Typ-2-Diabetes wird heute als Multiorganerkrankung verstanden und das Therapieziel ist nicht mehr allein die gute Einstellung des HbA1c. Auch Patient*innen mit gut eingestelltem Blutzucker benötigen eine Therapie, welche die kardiovaskulären und renalen Risiken reduziert, abhängig von der individuellen Risikokonstellation.
Erst die Einführung der SGLT2-Inhibitoren (SGLT2i) wie Empagliflozin (Jardiance®) und der GLP1-Rezeptoragonisten (GLP1-RA) ermöglichte den Übergang von einer rein glukozentrischen Therapie zu einer auf den kardiorenalen Organschutz ausgerichteten Therapie.
Dabei können drei Kernfragen das individuelle Behandlungsmanagement in die richtige Richtung lenken, erklärte Prof. Matthias Blüher, Leipzig: „Liegt bereits eine kardiovaskuläre Er- krankung vor? Hat der Patient oder die Patientin eine Nierenfunktionsstö- rung? Und/oder ist die Gewichtsreduktion primäres Therapieziel?“
So wird auch im aktuellen DMP Diabetes mellitus Typ 2 nach dem Risiko für Herz-Kreislauf-Erkrankungen, Herzinsuffizienz oder Nierenfunktionsstörungen bei den Empfehlungen zur medikamentösen Therapie unterschieden. Patient*innen mit einer signifikanten arteriellen Stenose oder einem Myokardinfarkt bzw. ischämischen Schlaganfall in der Anamnese, die bereits Medikamente zur Behandlung kardiovaskulärer Risikofaktoren erhalten, sollen laut DMP-Richtlinie zusätzlich eine Kombination aus Metformin plus Empagliflozin oder Liraglutid erhalten.
Bei Betroffenen mit einer klinisch relevanten Nephropathie wird frühzeitig eine Therapie aus Metformin plus SGLT2i oder GLP1-RA empfohlen, um eine mögliche Dialyse hinauszuzögern.
Voraussetzung für eine frühzeitige Therapie, die auf Blutzuckermanagement, Gewichtsmanagement, Herz-Kreislauf-Risikofaktoren und Herz-Kreislauf-Protektion abzielt, ist die Ermittlung des individuellen Risikos der Patient*in, wie Dr. Tobias Wiesner, Leipzig, erläuterte. Zu den Risikomarkern, die regelmäßig untersucht werden sollten, gehört neben HbA1c, NT-ProBNP und eGFR auch die Albumin-Kreatinin-Ratio (UACR). Die aktualisierte DMP-Richtlinie greift dies auf. „Zwar wurde das Albuminscreening aus Gründen der Datensparsamkeit aus dem DMP-Dokumentationsbogen gestrichen, die regelmäßige Bestimmung der UACR wird aber weiterhin textlich erwähnt und empfohlen, wenn der Patient oder die Patientin davon profitiert“, erklärt Dr. Tobias Wiesner.

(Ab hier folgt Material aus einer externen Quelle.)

lemma coord_dist_same_side:
  assumes "x \<in> half_space i k upper" "u \<in> half_space i k upper"
  shows "\<bar>(x - u) $ i\<bar> \<le> \<bar>(reflect i k x - u) $ i\<bar>"
proof -
  have "if upper then k < 2 * x $ i \<and> k < 2 * u $ i else 2 * x $ i < k \<and> 2 * u $ i < k"
    using assms by (simp add: half_space_def)
  then have "\<bar>x $ i - u $ i\<bar> \<le> \<bar>k - x $ i - u $ i\<bar>" by (cases upper) arith+
  then show ?thesis by (simp add: reflect_def)
qed

lemma coord_dist_other_side:
  assumes "x \<in> half_space i k upper" "u \<notin> half_space i k upper"
  shows "\<bar>(reflect i k x - u) $ i\<bar> \<le> \<bar>(x - u) $ i\<bar>"
proof -
  have "if upper then k < 2 * x $ i \<and> 2 * u $ i \<le> k else 2 * x $ i < k \<and> k \<le> 2 * u $ i"
    using assms by (auto simp: half_space_def)
  then have "\<bar>k - x $ i - u $ i\<bar> \<le> \<bar>x $ i - u $ i\<bar>" by (cases upper) arith+
  then show ?thesis by (simp add: reflect_def)
qed

lemma lazy_kernel_same_side:
  assumes "x \<in> half_space i k upper" "u \<in> half_space i k upper"
  shows "lazy_kernel (x - reflect i k u) \<le> lazy_kernel (x - u)"
proof -
  have "lazy_kernel (reflect i k x - u) \<le> lazy_kernel (x - u)"
    using coord_dist_same_side[OF assms] by (intro lazy_kernel_coord_mono[of i]) (auto simp: reflect_def)
  then show ?thesis by (simp add: reflect_diff)
qed

lemma avoid_weight_polarize:
  assumes x: "x \<in> half_space i k upper"
  shows "avoid_weight n (polarize i k upper c) s x
           = max (avoid_weight n c s x) (avoid_weight n c s (reflect i k x))"
    and "avoid_weight n (polarize i k upper c) s (reflect i k x)
           = min (avoid_weight n c s x) (avoid_weight n c s (reflect i k x))"
proof -
  let ?w = "avoid_weight n c s" and ?w' = "avoid_weight n (polarize i k upper c) s"
  define u where "u = - c s"
  have w: "?w y = (if y - u \<in> cube (int n) then 0 else 1)" for y
    by (simp add: avoid_weight_def u_def box_Q_eq_cube)
  have closer: "y - u \<in> cube (int n) \<Longrightarrow> z - u \<in> cube (int n)"
    if "\<bar>(z - u) $ i\<bar> \<le> \<bar>(y - u) $ i\<bar>" and "\<And>j. j \<noteq> i \<Longrightarrow> z $ j = y $ j" for y z
    using that by (intro in_cube_if_coord_le[of i "z - u" "y - u"]) auto
  have "?w' x = max (?w x) (?w (reflect i k x)) \<and> ?w' (reflect i k x) = min (?w x) (?w (reflect i k x))"
  proof (cases "u \<in> half_space i k upper")
    case False
    then have "?w' = ?w" by (simp add: avoid_weight_def polarize_def u_def fun_eq_iff)
    moreover have "?w (reflect i k x) \<le> ?w x"
      using closer[OF coord_dist_other_side[OF x False]] by (simp add: w reflect_def)
    ultimately show ?thesis by (simp add: max_absorb1 min_absorb2)
  next
    case True
    then have w': "?w' y = (if y - reflect i k u \<in> cube (int n) then 0 else 1)" for y
      by (simp add: avoid_weight_def polarize_def u_def box_Q_eq_cube)
    have "?w' x = ?w (reflect i k x)" "?w' (reflect i k x) = ?w x"
      unfolding w w' by (simp_all only: reflect_diff reflect_diff_reflect reflect_reflect flip_coord_in_cube_iff)
    moreover have "?w x \<le> ?w (reflect i k x)"
      using closer[OF coord_dist_same_side[OF x True]] by (simp add: w reflect_def)
    ultimately show ?thesis by (simp add: max_absorb2 min_absorb1)
  qed
  then show "?w' x = max (?w x) (?w (reflect i k x))"
    and "?w' (reflect i k x) = min (?w x) (?w (reflect i k x))" by auto
qed

lemma reflection_pairing_reflect:
  assumes "odd k" and "\<And>x. x \<in> Om \<Longrightarrow> reflect i k x \<in> Om" and "finite Om"
  shows "reflection_pairing Om (reflect i k) (half_space i k upper)"
  using assms by unfold_locales (simp_all add: reflect_in_half_space_iff)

Da erste strukturelle Nierenschäden bereits bei der Diagnose von Typ-2-Diabetes oder Hypertonie vorliegen können, profitieren die Patient:innen in den meisten Fällen von einer regelmäßigen Bestimmung der UACR. „Dank der Albuminurie haben wir ein sehr frühes Signal, dass die Nieren einen Defekt haben, etwa 10 bis 15 Jahre, bevor dies in der eGFR sichtbar wird“, erklärte Prof. Markus van der Giet, Berlin, und riet: „Es ist wichtig, bei Patient*innen mit Diabetes und/oder Hypertonie frühzeitig die UACR zu messen und zum Beispiel mit SGLT2-Hemmern wie Empagliflozin zu behandeln, um die Verschlechterung der Nierenfunktion zu verlangsamen.“ Mit Empagliflozin kann der Beginn einer Nierenersatztherapie potenziell um viele Jahre hinausgezögert werden, abhängig von der anfänglichen eGFR10.
Aufgrund ihrer günstigen Effekte auf Herz und Nieren sind SGLT2i wie Empagliflozin neben der Behandlung des Typ-2-Diabetes auch für die Therapie der chronischen symptomatischen Herzinsuffizienz und der chronischen Niereninsuffizienz zugelassen. Die Einnahme erfolgt einmal täglich oral. Aufgrund ihrer positiven kardiorenalen Wirkung empfehlen Leitlinien den frühzeitigen Einsatz von SGLT2-Inhibitoren. „Die Therapie ist unkompliziert und es ist einfach geworden, die Komorbiditäten von Patient:innen mit Typ-2-Diabetes mit einem Medikament zu behandeln“, fasst Dr. Wiesner zusammen.